VANCOUVER — In March 2024, a middle-aged man was having a cigarette outside his Surrey, B.C., social housing complex when he noticed Jae Won Lee, a 23-year-old Australian-born permanent resident of Canada, lifting the cover off another resident's motorcycle.

The man approached Lee to ask what he was doing, to which Lee replied, "Mind your own business, old man."

Lee then pulled out a knife with a six-inch blade and stabbed the man's arm before chasing him into the building's lobby, where he stabbed him in the abdomen.

Lee then told the victim to "get on your knees and say you’re sorry."

The victim's arm wound needed 18 stitches and a tear in his stomach required 50 staples to close.

Lee pleaded guilty to aggravated assault and possession of a dangerous weapon in B.C. provincial court, but the judge shot down the four-year sentence sought by the Crown and gave Lee a conditional sentence of two years less a day to lessen his risk of deportation had he been sent to prison.

The provincial court judge's ruling in the case was never published.

Crown prosecutors later appealed Lee's sentence, saying it was "demonstrably unfit" given the violent and unprovoked nature of the attack.

On Friday, B.C.'s Court of Appeal sided with the Crown in a decision and ruled that Lee's sentence was too light. It said the lower court judge improperly considered that Lee would be at risk of deportation with no ability to review if he is sentenced to prison.

The Appeal Court replaced Lee's conditional sentence order with a 42-month prison term, less time served.

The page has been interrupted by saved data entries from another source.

(* For every $\beta>0$, the origin is the unique globally asymptotically stable equilibrium of the ODE $\dot x=h(x)$ on $\mathbb R^n\times\mathbb R^n$, where $$h(x_1,x_2)=\begin{bmatrix}-Dx_1+\gamma DPM(x_2)\\ \beta Dx_1-\beta Dx_2\end{bmatrix}.$$
   Context: Finite MDP with states $\mathcal S$, actions $\mathcal A$, kernel $P$, discount $\gamma\in[0,1)$; $n=|\mathcal S||\mathcal A|$. $D$ is the diagonal matrix of a probability distribution $d$ on $\mathcal S\times\mathcal A$ with $d(s,a)>0$ for all $(s,a)$; $P$ is the $n\times|\mathcal S|$ matrix with row $(s,a)$ equal to $P(\cdot\mid s,a)$; $M(Q)(s)=\max_aQ(s,a)$. Globally asymptotically stable means Lyapunov stable and every solution converges to it. *)

theory Defs
  imports "HOL-Analysis.Analysis"
begin

definition is_solution :: "('v::real_normed_vector \<Rightarrow> 'v) \<Rightarrow> (real \<Rightarrow> 'v) \<Rightarrow> bool" where
  "is_solution f x \<longleftrightarrow> (\<forall>t\<ge>0. (x has_vector_derivative f (x t)) (at t within {0..}))"

definition equilibrium :: "('v::real_normed_vector \<Rightarrow> 'v) \<Rightarrow> 'v \<Rightarrow> bool" where
  "equilibrium f e \<longleftrightarrow> f e = 0"

definition lyapunov_stable :: "('v::real_normed_vector \<Rightarrow> 'v) \<Rightarrow> 'v \<Rightarrow> bool" where
  "lyapunov_stable f e \<longleftrightarrow>
     (\<forall>\<epsilon>>0. \<exists>\<delta>>0. \<forall>x. is_solution f x \<and> dist (x 0) e < \<delta> \<longrightarrow> (\<forall>t\<ge>0. dist (x t) e < \<epsilon>))"

definition globally_asymptotically_stable :: "('v::real_normed_vector \<Rightarrow> 'v) \<Rightarrow> 'v \<Rightarrow> bool" where
  "globally_asymptotically_stable f e \<longleftrightarrow>
     lyapunov_stable f e \<and> (\<forall>x. is_solution f x \<longrightarrow> (x \<longlongrightarrow> e) at_top)"

text \<open>MDP operators. Vectors in R^n, n = |S||A|, are indexed by state-action pairs.\<close>

definition Dmat :: "('s \<times> 'a \<Rightarrow> real) \<Rightarrow> real ^ ('s::finite \<times> 'a::finite) \<Rightarrow> real ^ ('s \<times> 'a)" where
  "Dmat d x = (\<chi> i. d i * x $ i)"

definition Mmax :: "real ^ ('s::finite \<times> 'a::finite) \<Rightarrow> 's \<Rightarrow> real" where
  "Mmax Q s = (MAX b\<in>(UNIV::'a set). Q $ (s, b))"

definition Pmat :: "('s \<times> 'a \<Rightarrow> 's \<Rightarrow> real) \<Rightarrow> ('s::finite \<Rightarrow> real) \<Rightarrow> real ^ ('s \<times> 'a::finite)" where
  "Pmat P v = (\<chi> i. \<Sum>s'\<in>UNIV. P i s' * v s')"

definition hfield :: "('s \<times> 'a \<Rightarrow> real) \<Rightarrow> ('s \<times> 'a \<Rightarrow> 's \<Rightarrow> real) \<Rightarrow> real \<Rightarrow> real
    \<Rightarrow> (real ^ ('s::finite \<times> 'a::finite)) \<times> (real ^ ('s \<times> 'a))
    \<Rightarrow> (real ^ ('s \<times> 'a)) \<times> (real ^ ('s \<times> 'a))" where
  "hfield d P \<gamma> \<beta> z = (case z of (x1, x2) \<Rightarrow>
     (- Dmat d x1 + \<gamma> *\<^sub>R Dmat d (Pmat P (Mmax x2)),
      \<beta> *\<^sub>R Dmat d x1 - \<beta> *\<^sub>R Dmat d x2))"

end

theory Submission
  imports Defs
begin

text \<open>Fix a with \<gamma> < a < 1 and consider the boxes |x1 i| \<le> a r, |x2 i| \<le> r, i.e. the balls
  of the weighted norm max (\<parallel>x1\<parallel> / a) \<parallel>x2\<parallel> built from sup norms. Because P M is nonexpansive
  in the sup norm, on a face x1 i = \<plusminus>a r the field pushes x1 i inward at speed at least
  d i (a - \<gamma>) r, and on a face x2 i = \<plusminus>r it pushes x2 i inward at speed at least
  \<beta> d i (1 - a) r. Hence no solution can leave a box whose radius shrinks like r exp (- c t) for
  small c > 0; this barrier argument on the 4n signed coordinates needs no uniqueness of
  solutions. The exponential bound gives global asymptotic stability of 0, and 0 is the only
  such equilibrium because every equilibrium is a constant solution.\<close>

lemma real_nonneg_induct:
  fixes P :: "real \<Rightarrow> bool"
  assumes zero: "P 0"
    and left: "\<And>T. T > 0 \<Longrightarrow> (\<And>s. 0 \<le> s \<Longrightarrow> s < T \<Longrightarrow> P s) \<Longrightarrow> P T"
    and right: "\<And>t. t \<ge> 0 \<Longrightarrow> P t \<Longrightarrow> eventually P (at_right t)"
    and "t \<ge> 0"
  shows "P t"
proof (rule ccontr)
  assume "\<not> P t"
  define S where "S = {s. 0 \<le> s \<and> \<not> P s}"
  define s0 where "s0 = Inf S"
  have "t \<in> S" using \<open>\<not> P t\<close> \<open>t \<ge> 0\<close> by (simp add: S_def)
  have bdd: "bdd_below S" by (auto simp: S_def bdd_below_def)
  have s0_nonneg: "0 \<le> s0"
    unfolding s0_def using \<open>t \<in> S\<close> by (intro cInf_greatest) (auto simp: S_def)
  have before: "P r" if "0 \<le> r" "r < s0" for r
    using cInf_lower[OF _ bdd, of r] that by (auto simp: S_def s0_def)
  have "P s0" using zero left[of s0] before s0_nonneg by (cases "s0 = 0") auto
  then obtain b where "b > s0" and after: "\<And>y. s0 < y \<Longrightarrow> y < b \<Longrightarrow> P y"
    using right[OF s0_nonneg] by (auto simp: eventually_at_right_field)
  have "b \<le> s0" unfolding s0_def
  proof (rule cInf_greatest)
    show "S \<noteq> {}" using \<open>t \<in> S\<close> by auto
    show "b \<le> s" if "s \<in> S" for s
      using that before after \<open>P s0\<close> by (force simp: S_def not_less_iff_gr_or_eq)
  qed
  with \<open>b > s0\<close> show False by simp
qed

lemma nonpos_from_left:
  fixes g :: "real \<Rightarrow> real"
  assumes "continuous (at T within {0..}) g" and "T > 0"
    and before: "\<And>s. 0 \<le> s \<Longrightarrow> s < T \<Longrightarrow> g s \<le> 0"
  shows "g T \<le> 0"
proof -
  have "at_left T \<le> at T within {0..}"
    using \<open>T > 0\<close> at_within_Icc_at_left[of 0 T] by (metis at_le atLeastAtMost_iff atLeast_iff subsetI)
  with assms(1) have "(g \<longlongrightarrow> g T) (at_left T)"
    by (auto simp: continuous_within intro: tendsto_mono)
  moreover have "eventually (\<lambda>s. g s \<le> 0) (at_left T)"
    using eventually_at_left_real[OF \<open>T > 0\<close>] by eventually_elim (use before in auto)
  ultimately show "g T \<le> 0" by (rule tendsto_upperbound) simp
qed

lemma eventually_nonpos_at_right:
  fixes g :: "real \<Rightarrow> real"
  assumes deriv: "(g has_real_derivative D) (at t within {0..})" and "t \<ge> 0"
    and "g t \<le> 0" and touching: "g t = 0 \<Longrightarrow> D < 0"
  shows "eventually (\<lambda>s. g s \<le> 0) (at_right t)"
proof (cases "g t < 0")
  case True
  have "at_right t \<le> at t within {0..}"
    using \<open>t \<ge> 0\<close> by (intro at_le) auto
  with DERIV_continuous[OF deriv] have "(g \<longlongrightarrow> g t) (at_right t)"
    by (auto simp: continuous_within intro: tendsto_mono)
  from order_tendstoD(2)[OF this True] show ?thesis by eventually_elim simp
next
  case False
  with \<open>g t \<le> 0\<close> have "g t = 0" by simp
  from has_real_derivative_neg_dec_right[OF deriv touching[OF this]]
  obtain \<delta> where "\<delta> > 0" and dec: "\<And>h. h > 0 \<Longrightarrow> h < \<delta> \<Longrightarrow> g (t + h) < g t"
    using \<open>t \<ge> 0\<close> by auto
  show ?thesis unfolding eventually_at_right_field
  proof (intro exI conjI allI impI)
    show "t < t + \<delta>" using \<open>\<delta> > 0\<close> by simp
    fix y assume "t < y" "y < t + \<delta>"
    then show "g y \<le> 0" using dec[of "y - t"] \<open>g t = 0\<close> by simp
  qed
qed

lemma finite_family_barrier:
  fixes g g' :: "'k::finite \<Rightarrow> real \<Rightarrow> real"
  assumes deriv: "\<And>k t. t \<ge> 0 \<Longrightarrow> (g k has_real_derivative g' k t) (at t within {0..})"
    and start: "\<And>k. g k 0 \<le> 0"
    and boundary: "\<And>k t. t \<ge> 0 \<Longrightarrow> (\<And>j. g j t \<le> 0) \<Longrightarrow> g k t = 0 \<Longrightarrow> g' k t < 0"
    and "t \<ge> 0"
  shows "g k t \<le> 0"
proof -
  have "\<forall>k. g k t \<le> 0"
  proof (rule real_nonneg_induct[OF _ _ _ \<open>t \<ge> 0\<close>])
    show "\<forall>k. g k 0 \<le> 0" using start by blast
  next
    fix T :: real
    assume "T > 0" and "\<And>s. 0 \<le> s \<Longrightarrow> s < T \<Longrightarrow> \<forall>k. g k s \<le> 0"
    then show "\<forall>k. g k T \<le> 0"
      using DERIV_continuous[OF deriv] by (auto intro: nonpos_from_left)
  next
    fix t0 :: real
    assume "t0 \<ge> 0" and "\<forall>k. g k t0 \<le> 0"
    then have "eventually (\<lambda>s. g k s \<le> 0) (at_right t0)" for k
      using deriv boundary by (blast intro: eventually_nonpos_at_right)
    then show "eventually (\<lambda>s. \<forall>k. g k s \<le> 0) (at_right t0)"
      by (rule eventually_all_finite)
  qed
  then show ?thesis by blast
qed

lemma is_solution_const_if_equilibrium:
  assumes "equilibrium f e"
  shows "is_solution f (\<lambda>_. e)"
  using assms by (simp add: is_solution_def equilibrium_def)

lemma globally_asymptotically_stable_unique_equilibrium:
  assumes "equilibrium f e'" and "globally_asymptotically_stable f e"
  shows "e' = e"
proof -
  have "((\<lambda>_::real. e') \<longlongrightarrow> e) at_top"
    using assms is_solution_const_if_equilibrium unfolding globally_asymptotically_stable_def by blast
  then show ?thesis by (simp add: tendsto_const_iff)
qed

lemma globally_asymptotically_stable_if_exponential_bound:
  fixes f :: "'v::real_normed_vector \<Rightarrow> 'v"
  assumes "c > 0"
    and bound: "\<And>x R t. is_solution f x \<Longrightarrow> dist (x 0) e < R \<Longrightarrow> t \<ge> 0
                  \<Longrightarrow> dist (x t) e \<le> K * R * exp (- c * t)"
  shows "globally_asymptotically_stable f e"
  unfolding globally_asymptotically_stable_def lyapunov_stable_def
proof (intro conjI allI impI)
  fix \<epsilon> :: real assume "\<epsilon> > 0"
  define \<delta> where "\<delta> = \<epsilon> / (\<bar>K\<bar> + 1)"
  have "\<delta> > 0" using \<open>\<epsilon> > 0\<close> by (simp add: \<delta>_def)
  moreover have "dist (x t) e < \<epsilon>" if "is_solution f x" "dist (x 0) e < \<delta>" "t \<ge> 0" for x t
  proof -
    have "dist (x t) e \<le> K * \<delta> * exp (- c * t)" using bound that .
    also have "\<dots> \<le> \<bar>K\<bar> * \<delta> * 1"
      using \<open>\<delta> > 0\<close> \<open>c > 0\<close> \<open>t \<ge> 0\<close> by (intro mult_mono mult_right_mono) auto
    also have "\<dots> < \<epsilon>" using \<open>\<epsilon> > 0\<close> by (simp add: \<delta>_def field_simps)
    finally show ?thesis .
  qed
  ultimately show "\<exists>\<delta>>0. \<forall>x. is_solution f x \<and> dist (x 0) e < \<delta> \<longrightarrow> (\<forall>t\<ge>0. dist (x t) e < \<epsilon>)"
    by blast
next
  fix x assume "is_solution f x"
  define R where "R = dist (x 0) e + 1"
  have decay: "dist (x t) e \<le> K * R * exp (- c * t)" if "t \<ge> 0" for t
    by (rule bound[OF \<open>is_solution f x\<close> _ that]) (simp add: R_def)
  have "eventually (\<lambda>t. norm (dist (x t) e) \<le> K * R * exp (- c * t)) at_top"
    using eventually_ge_at_top[of 0]
    by (rule eventually_mono) (simp only: real_norm_def abs_of_nonneg[OF zero_le_dist] decay)
  moreover have "((\<lambda>t. K * R * exp (- c * t)) \<longlongrightarrow> 0) at_top"
    using \<open>c > 0\<close> by (intro tendsto_mult_right_zero filterlim_compose[OF exp_at_bot]
        filterlim_tendsto_neg_mult_at_bot tendsto_const filterlim_ident) auto
  ultimately have "((\<lambda>t. dist (x t) e) \<longlongrightarrow> 0) at_top"
    by (rule Lim_null_comparison)
  then show "(x \<longlongrightarrow> e) at_top"
    by (rule tendsto_dist_iff[THEN iffD2])
qed

text \<open>in_box a r is the closed ball of radius r of the weighted sup norm; its faces are the
  sets signed_coord k z = box_weight a k * r, where k picks a coordinate of x1 (Inl) or of
  x2 (Inr) and a sign.\<close>

definition in_box :: "real \<Rightarrow> real \<Rightarrow> (real ^ 'n::finite) \<times> (real ^ 'n) \<Rightarrow> bool" where
  "in_box a r z \<longleftrightarrow> (\<forall>i. \<bar>fst z $ i\<bar> \<le> a * r) \<and> (\<forall>i. \<bar>snd z $ i\<bar> \<le> r)"

definition signed_coord :: "('n + 'n) \<times> bool \<Rightarrow> (real ^ 'n::finite) \<times> (real ^ 'n) \<Rightarrow> real" where
  "signed_coord k z =
     (if snd k then 1 else -1) * (case fst k of Inl i \<Rightarrow> fst z $ i | Inr i \<Rightarrow> snd z $ i)"

definition box_weight :: "real \<Rightarrow> ('n + 'n) \<times> bool \<Rightarrow> real" where
  "box_weight a k = (case fst k of Inl _ \<Rightarrow> a | Inr _ \<Rightarrow> 1)"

"The sentence imposed by the judge of a (conditional sentence order) of two years less a day is a clearly unreasonable departure from the fundamental principle of proportionality, notwithstanding the collateral immigration consequences," the Appeal Court said in its decision.

"The consequence in question is the loss of the right to seek a review, not the exposure to deportation. The latter consequence follows from the nature of the offence itself, not from the sentence."

The provincial judge in the lower court had said that Lee knows "nothing of Australia, his country of birth."

"He has no family connections or other supports there. I have struggled to determine the weight I should attach to these immigration consequences in fashioning a fit sentence," the provincial court judge wrote.

"The immigration consequence of deportation without review is a key individual circumstance that differentiates Mr. Lee from other offenders; although not punishment per se, for Mr. Lee it may be almost as life changing and impactful as the punishment itself."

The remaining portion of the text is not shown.